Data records
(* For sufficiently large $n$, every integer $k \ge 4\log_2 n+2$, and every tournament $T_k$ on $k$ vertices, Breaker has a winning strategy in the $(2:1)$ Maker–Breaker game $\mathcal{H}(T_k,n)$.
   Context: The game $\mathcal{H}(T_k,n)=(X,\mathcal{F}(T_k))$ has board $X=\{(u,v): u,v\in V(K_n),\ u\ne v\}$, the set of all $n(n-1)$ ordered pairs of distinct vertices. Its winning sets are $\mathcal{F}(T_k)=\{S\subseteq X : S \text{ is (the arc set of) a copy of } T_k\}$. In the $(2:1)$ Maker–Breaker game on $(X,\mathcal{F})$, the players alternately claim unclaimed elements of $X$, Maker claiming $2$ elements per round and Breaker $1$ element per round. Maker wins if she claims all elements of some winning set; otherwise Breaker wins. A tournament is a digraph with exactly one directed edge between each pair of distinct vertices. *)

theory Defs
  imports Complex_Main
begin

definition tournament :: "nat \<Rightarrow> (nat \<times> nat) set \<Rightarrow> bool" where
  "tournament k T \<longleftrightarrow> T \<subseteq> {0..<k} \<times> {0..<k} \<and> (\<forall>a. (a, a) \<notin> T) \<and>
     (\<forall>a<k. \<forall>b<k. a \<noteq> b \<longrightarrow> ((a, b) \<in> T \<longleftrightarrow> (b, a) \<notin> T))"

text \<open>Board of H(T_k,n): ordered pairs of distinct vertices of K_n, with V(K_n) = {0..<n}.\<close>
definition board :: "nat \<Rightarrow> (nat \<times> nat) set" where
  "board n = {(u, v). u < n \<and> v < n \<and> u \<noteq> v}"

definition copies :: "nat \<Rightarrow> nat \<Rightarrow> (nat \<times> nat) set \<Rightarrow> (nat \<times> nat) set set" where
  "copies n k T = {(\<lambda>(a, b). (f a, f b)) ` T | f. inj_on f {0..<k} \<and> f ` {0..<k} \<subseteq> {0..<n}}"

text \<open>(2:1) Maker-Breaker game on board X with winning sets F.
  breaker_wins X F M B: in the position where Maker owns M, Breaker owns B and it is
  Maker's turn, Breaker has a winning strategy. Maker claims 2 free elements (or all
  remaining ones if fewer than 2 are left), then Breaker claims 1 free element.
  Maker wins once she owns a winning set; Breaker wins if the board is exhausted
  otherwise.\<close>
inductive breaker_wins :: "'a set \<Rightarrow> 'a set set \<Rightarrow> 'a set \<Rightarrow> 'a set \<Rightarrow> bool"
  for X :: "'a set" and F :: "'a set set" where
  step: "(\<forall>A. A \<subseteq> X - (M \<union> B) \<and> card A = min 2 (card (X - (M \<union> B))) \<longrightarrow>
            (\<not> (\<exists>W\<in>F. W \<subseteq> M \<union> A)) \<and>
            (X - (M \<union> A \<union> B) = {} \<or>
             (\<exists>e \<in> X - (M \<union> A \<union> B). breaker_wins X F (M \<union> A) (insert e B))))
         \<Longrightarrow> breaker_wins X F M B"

## TO DO
Say how many lines above include "definition", please, and nothing else.

## SOLUTION TO THIS TASK
3